VPC Lattice integrates with IAM beyond the auth policy itself. It supports identity-based policies (with the vpc-lattice: action prefix for control-plane actions such as vpc-lattice:PutAuthPolicy), resource-based auth policies (the vpc-lattice-svcs: data-plane actions used in the examples above), policy condition keys, ABAC via tags, and temporary credentials. Condition keys let an auth policy constrain by request context — the source VPC, the authenticated principal, the request method or path — so you can write rules far more specific than "this role may call this service."
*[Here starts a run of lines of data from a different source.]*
(* Let $p$ be a prime, $k\ge2$ an integer, $R=\{t^k: t\in\mathbb F_p^*\}$, and $G=\{x\mapsto rx+b: r\in R,\ b\in\mathbb F_p\}\le{\rm AGL}(1,p)$. Then every element of $G\wr S_k$, in the product action on $\mathbb F_p^k$, is an imprimitive permutation of $\mathbb F_p^k$.
   Context: For $H\le{\rm Sym}(\Delta)$ and $K\le S_k$, $H\wr K$ in product action acts on $\Delta^k$ by applying $h_i$ to the $i$-th coordinate and permuting coordinates by $\sigma\in K$. A permutation of a set $\Omega$ of size $n$ is imprimitive if it preserves a partition of $\Omega$ into blocks of equal size $m$ with $1<m<n$. *)

theory Defs
  imports Main "HOL-Computational_Algebra.Primes" "HOL-Library.FuncSet" "HOL-Library.Disjoint_Sets" "HOL-Combinatorics.Permutations"
begin

text \<open>The field F_p is modelled as {0..<p} with arithmetic mod p.
  The point set F_p^k is the set of extensional functions {0..<k} -> {0..<p}.\<close>

definition Fp :: "nat \<Rightarrow> nat set" where
  "Fp p = {..<p}"

definition space :: "nat \<Rightarrow> nat \<Rightarrow> (nat \<Rightarrow> nat) set" where
  "space p k = PiE {..<k} (\<lambda>_. Fp p)"

definition kth_powers :: "nat \<Rightarrow> nat \<Rightarrow> nat set" where
  "kth_powers p k = {(t ^ k) mod p | t. t \<in> Fp p \<and> t \<noteq> 0}"

text \<open>An element x |-> r x + b of G is encoded by the pair (r, b).\<close>
definition Ggrp :: "nat \<Rightarrow> nat \<Rightarrow> (nat \<times> nat) set" where
  "Ggrp p k = kth_powers p k \<times> Fp p"

definition aff_apply :: "nat \<Rightarrow> nat \<times> nat \<Rightarrow> nat \<Rightarrow> nat" where
  "aff_apply p g x = (fst g * x + snd g) mod p"

text \<open>Product action of (h_0,...,h_{k-1}; sigma) in G wr S_k: apply h_i to the
  i-th coordinate, then move coordinate i to position sigma(i),
  i.e. y_{sigma i} = h_i(x_i).\<close>
definition wr_action :: "nat \<Rightarrow> nat \<Rightarrow> (nat \<Rightarrow> nat \<times> nat) \<Rightarrow> (nat \<Rightarrow> nat)
    \<Rightarrow> (nat \<Rightarrow> nat) \<Rightarrow> (nat \<Rightarrow> nat)" where
  "wr_action p k h \<sigma> x =
     (\<lambda>j\<in>{..<k}. aff_apply p (h (inv \<sigma> j)) (x (inv \<sigma> j)))"

definition imprimitive :: "'a set \<Rightarrow> ('a \<Rightarrow> 'a) \<Rightarrow> bool" where
  "imprimitive \<Omega> g \<longleftrightarrow>
     (\<exists>P m. partition_on \<Omega> P \<and> (\<forall>B\<in>P. card B = m) \<and> 1 < m \<and> m < card \<Omega>
            \<and> (\<forall>B\<in>P. g ` B \<in> P))"

end

theory Submission
  imports Defs "HOL-Number_Theory.Cong" "HOL-Combinatorics.Orbits"
begin

text \<open>An element of G wr S_k acts on F_p^k as an affine map whose linear part is monomial:
  coordinate i is multiplied by r_i and moved to position \<sigma> i. The cosets of any subspace W invariant
  under this linear part, with 0 < dim W < k, form a block system. If \<sigma> leaves a proper nonempty set C
  of coordinates invariant, W is the coordinate subspace on C. Otherwise \<sigma> is a k-cycle; the product
  of the r_i is then a product of k-th powers, hence equal to c^k for some c \<noteq> 0, which makes c an
  eigenvalue of the linear part, and W is the eigenline.\<close>

lemma imprimitive_if_invariant_equiv:
  assumes "finite \<Omega>" and "inj_on f \<Omega>" and "f ` \<Omega> \<subseteq> \<Omega>" and "equiv \<Omega> R"
    and pres: "\<And>x y. (x, y) \<in> R \<Longrightarrow> (f x, f y) \<in> R"
    and class_card: "\<And>x. x \<in> \<Omega> \<Longrightarrow> card (R `` {x}) = m"
    and "1 < m" and "m < card \<Omega>"
  shows "imprimitive \<Omega> f"
proof -
  have R: "R \<subseteq> \<Omega> \<times> \<Omega>" using \<open>equiv \<Omega> R\<close> by (auto elim: equivE)
  have "f ` X \<in> \<Omega> // R" if "X \<in> \<Omega> // R" for X
  proof -
    obtain x where x: "x \<in> \<Omega>" "X = R `` {x}" using \<open>X \<in> \<Omega> // R\<close> by (auto elim: quotientE)
    then have fx: "f x \<in> \<Omega>" using \<open>f ` \<Omega> \<subseteq> \<Omega>\<close> by blast
    have sub: "f ` R `` {x} \<subseteq> R `` {f x}" using pres by blast
    have "R `` {x} \<subseteq> \<Omega>" using R by blast
    then have "card (f ` R `` {x}) = card (R `` {f x})"
      using card_image[OF inj_on_subset[OF \<open>inj_on f \<Omega>\<close>]] class_card x fx by simp
    then have "f ` R `` {x} = R `` {f x}"
      using card_subset_eq[OF _ sub] finite_subset[OF _ \<open>finite \<Omega>\<close>] R by blast
    then show ?thesis using x fx by (simp add: quotientI)
  qed
  moreover have "\<forall>X\<in>\<Omega> // R. card X = m" using class_card by (auto elim: quotientE)
  ultimately show ?thesis
    using partition_on_quotient[OF \<open>equiv \<Omega> R\<close>] assms(7,8) unfolding imprimitive_def by blast
qed
(* Let $M$ be a matroid on a finite set $E$, with dual $M^*$, and let $\mathcal{C}$ be a family of subsets of $E$. Then $\mathcal{C}$ is a modular cyclic family in $M$ if and only if $\{E\setminus C: C\in\mathcal{C}\}$ is a modular cut in $M^*$.
   Context: A set $X\subseteq E$ is cyclic in $M$ if it is a union of circuits; $\emptyset$ counts as cyclic. A pair $X,Y$ is modular in $M$ if $r(X)+r(Y)=r(X\cap Y)+r(X\cup Y)$. The cyclic sets form a lattice with join $C_1\cup C_2$ and meet $\mathrm{cyc}(C_1\cap C_2)$. Here $\mathrm{cyc}(X)$ is the largest cyclic subset of $X$, obtained by removing the coloops of $M|_X$. A modular cyclic family is a family of cyclic sets that is down-closed in this lattice and contains $X\cup Y$ for every modular pair $X,Y$ of its members. A modular cut of a matroid is a family of flats that is up-closed in the lattice of flats and contains $X\cap Y$ for every modular pair $X,Y$ of its members. *)

theory Defs
  imports Main
begin

definition matroid :: "'a set \<Rightarrow> 'a set set \<Rightarrow> bool" where
  "matroid E indep \<longleftrightarrow> finite E \<and> (\<forall>I\<in>indep. I \<subseteq> E) \<and> {} \<in> indep
     \<and> (\<forall>I J. J \<in> indep \<longrightarrow> I \<subseteq> J \<longrightarrow> I \<in> indep)
     \<and> (\<forall>I J. I \<in> indep \<longrightarrow> J \<in> indep \<longrightarrow> card I < card J \<longrightarrow>
           (\<exists>x\<in>J - I. insert x I \<in> indep))"

definition mrank :: "'a set set \<Rightarrow> 'a set \<Rightarrow> nat" where
  "mrank indep X = Max (card ` {I. I \<in> indep \<and> I \<subseteq> X})"

definition basis :: "'a set set \<Rightarrow> 'a set \<Rightarrow> bool" where
  "basis indep B \<longleftrightarrow> B \<in> indep \<and> (\<forall>I\<in>indep. B \<subseteq> I \<longrightarrow> I = B)"

definition dual_indep :: "'a set \<Rightarrow> 'a set set \<Rightarrow> 'a set set" where
  "dual_indep E indep = {I. I \<subseteq> E \<and> (\<exists>B. basis indep B \<and> B \<subseteq> E - I)}"

definition circuit :: "'a set \<Rightarrow> 'a set set \<Rightarrow> 'a set \<Rightarrow> bool" where
  "circuit E indep C \<longleftrightarrow> C \<subseteq> E \<and> C \<notin> indep \<and> (\<forall>x\<in>C. C - {x} \<in> indep)"

text \<open>Cyclic sets: unions of circuits (the empty set is cyclic).\<close>
definition cyclic :: "'a set \<Rightarrow> 'a set set \<Rightarrow> 'a set \<Rightarrow> bool" where
  "cyclic E indep X \<longleftrightarrow> (\<exists>S. (\<forall>C\<in>S. circuit E indep C) \<and> X = \<Union>S)"

definition flat :: "'a set \<Rightarrow> 'a set set \<Rightarrow> 'a set \<Rightarrow> bool" where
  "flat E indep X \<longleftrightarrow> X \<subseteq> E \<and> (\<forall>e\<in>E - X. mrank indep (insert e X) > mrank indep X)"

definition modular_pair :: "'a set set \<Rightarrow> 'a set \<Rightarrow> 'a set \<Rightarrow> bool" where
  "modular_pair indep X Y \<longleftrightarrow>
     mrank indep X + mrank indep Y = mrank indep (X \<inter> Y) + mrank indep (X \<union> Y)"

definition modular_cyclic_family :: "'a set \<Rightarrow> 'a set set \<Rightarrow> 'a set set \<Rightarrow> bool" where
  "modular_cyclic_family E indep \<C> \<longleftrightarrow>
     (\<forall>C\<in>\<C>. cyclic E indep C)
     \<and> (\<forall>C\<in>\<C>. \<forall>D. cyclic E indep D \<longrightarrow> D \<subseteq> C \<longrightarrow> D \<in> \<C>)
     \<and> (\<forall>X\<in>\<C>. \<forall>Y\<in>\<C>. modular_pair indep X Y \<longrightarrow> X \<union> Y \<in> \<C>)"
lemma purity_eq_sum_hc_dist_chi:
  assumes "s \<subseteq> {0..<n}"
  shows "purity n psi s = complex_of_real (\<Sum>x\<in>Pow {0..<n}. hc_dist n 1 psi x * chi x s)"
proof -
  let ?N = "{0..<n}" and ?Y = "Pow {0..<n} \<times> Pow {0..<n}"
  let ?A = "\<lambda>p. pair_amp psi p * cnj (pair_amp psi (swap_pair s p))"
  let ?W = "\<lambda>p. walsh ?N (\<lambda>g. pair_amp psi (swap_pair g p))"
  have "(\<Sum>x\<in>Pow ?N. complex_of_real (hc_dist n 1 psi x) * chi x s) =
      (1 / 2 ^ n)\<^sup>2 * (\<Sum>p\<in>?Y. \<Sum>x\<in>Pow ?N. chi x s * (?W p x * cnj (?W p x)))"
    unfolding hc_dist_one of_real_mult of_real_sum complex_norm_square
    by (subst sum.swap) (simp add: sum_distrib_left sum_distrib_right mult_ac)
  also have "\<dots> = (1 / 2 ^ n)\<^sup>2 * (\<Sum>p\<in>?Y. 2 ^ n *
      (\<Sum>g\<in>Pow ?N. pair_amp psi (swap_pair g p) * cnj (pair_amp psi (swap_pair s (swap_pair g p)))))"
    using assms by (simp add: sum_chi_walsh_mult_cnj swap_pair_bitxor)
  also have "\<dots> = 1 / 2 ^ n * (\<Sum>g\<in>Pow ?N. \<Sum>p\<in>?Y. ?A (swap_pair g p))"
    by (subst sum.swap) (simp add: sum_distrib_left power2_eq_square)
  also have "\<dots> = 1 / 2 ^ n * (\<Sum>g\<in>Pow ?N. \<Sum>p\<in>?Y. ?A p)"
  proof -
    have "(\<Sum>p\<in>?Y. ?A (swap_pair g p)) = (\<Sum>p\<in>?Y. ?A p)" for g
      by (rule sum.reindex_bij_witness[where i = "swap_pair g" and j = "swap_pair g"])
         (auto intro: swap_pair_in_Pow_times)
    then show ?thesis by simp
  qed
  also have "\<dots> = (\<Sum>p\<in>?Y. ?A p)"
    by (simp add: card_Pow)
  finally show ?thesis using purity_eq_swap_expectation[OF assms] by simp
qed

lemma sum_psi_mult_cnj:
  assumes "is_pure_state n psi"
  shows "(\<Sum>a\<in>Pow {0..<n}. psi a * cnj (psi a)) = 1"
  using assms unfolding is_pure_state_def complex_norm_square[symmetric] of_real_sum[symmetric] by simp

lemma purity_empty:
  assumes "is_pure_state n psi"
  shows "purity n psi {} = 1"
  using sum_psi_mult_cnj[OF assms] unfolding purity_def rdm_def by simp

lemma purity_full:
  assumes "is_pure_state n psi"
  shows "purity n psi {0..<n} = 1"
proof -
  have "purity n psi {0..<n} =
      (\<Sum>a\<in>Pow {0..<n}. psi a * cnj (psi a)) * (\<Sum>b\<in>Pow {0..<n}. psi b * cnj (psi b))"
    unfolding purity_def rdm_def sum_product by (simp add: mult_ac)
  then show ?thesis using sum_psi_mult_cnj[OF assms] by simp
qed

lemma hc_dist_nonneg: "hc_dist n t psi x \<ge> 0"
  unfolding hc_dist_def by (simp add: sum_nonneg)

lemma sum_hc_dist:
  assumes "is_pure_state n psi"
  shows "(\<Sum>x\<in>Pow {0..<n}. hc_dist n 1 psi x) = 1"
  using purity_eq_sum_hc_dist_chi[of "{}" n psi] purity_empty[OF assms] by (simp del: of_real_sum)
theorem theorem8:
  fixes V :: "'v set" and f :: "('v \<Rightarrow> bool) \<Rightarrow> ('v \<Rightarrow> bool)"
  assumes "finite V" and "V \<noteq> {}"
    and "\<And>x. x \<in> points V \<Longrightarrow> f x \<in> points V"
    and "\<And>I z. I \<noteq> {} \<Longrightarrow> I \<subseteq> V \<Longrightarrow> z \<in> points (V - I) \<Longrightarrow>
           \<not> even_self_dual I (subnet f I z) \<and> \<not> odd_self_dual I (subnet f I z)"
  shows "bij_betw (conj_net f) (points V) (points V)"
proof -
  have "inj_on (conj_net (subnet f V (\<lambda>_. False))) (points V)"
    by (rule inj_on_conj_subnet[OF assms(1,4)]) (auto simp: points_def)
  moreover have "conj_net (subnet f V (\<lambda>_. False)) x = conj_net f x" if "x \<in> points V" for x
    using subnet_whole[of x V f] that assms(3)[OF that] by (simp add: conj_net_def)
  ultimately have inj: "inj_on (conj_net f) (points V)"
    using inj_on_cong by blast
  moreover have "conj_net f ` points V \<subseteq> points V"
    using assms(3) by (auto simp: points_def conj_net_def xorp_def)
  ultimately have "conj_net f ` points V = points V"
    using endo_inj_surj finite_points[OF assms(1)] by blast
  with inj show ?thesis by (simp add: bij_betw_def)
qed

end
Because the service network is typically owned by the shared-services account but consumed by workload accounts, you share it across accounts with AWS Resource Access Manager (RAM). The service-network owner shares the network (and the right to associate VPCs and services) to the workload accounts or to the whole organization; the auth policy still governs who may actually invoke each service. This separation — one team owns and shares the connectivity fabric, each service owner controls its own auth policy — is what lets a large organization run identity-aware east-west connectivity without a central bottleneck.

6. Identity-Aware Application Access with AWS Verified Access

Lattice secures service-to-service calls. For human access to internal applications, the architecture replaces the VPN with AWS Verified Access. Verified Access provides secure, VPN-less access to corporate applications: each request is evaluated against a policy using identity and device trust context before access is granted, so users connect to a specific application rather than to the network.
One access request evaluated across the zero-trust authorization layers
One access request evaluated across the zero-trust authorization layers

6.1 Trust Providers: Identity and Device

A Verified Access trust provider sends information about users and devices — the trust context — to Verified Access. There are two categories:
  • User-identity trust providers. An OpenID Connect (OIDC)-compatible identity provider that manages user identities. AWS IAM Identity Center or a third-party IdP can serve this role, supplying attributes such as email or group membership.
  • Device-management (device-based) trust providers. Systems that manage endpoints and report device posture. Verified Access supports CrowdStrike, Jamf, and JumpCloud as device trust providers, supplying signals such as whether a device is managed and compliant. Device-based providers require adding a redirect URI built from the Verified Access endpoint's DeviceValidationDomain to the provider's allowlist.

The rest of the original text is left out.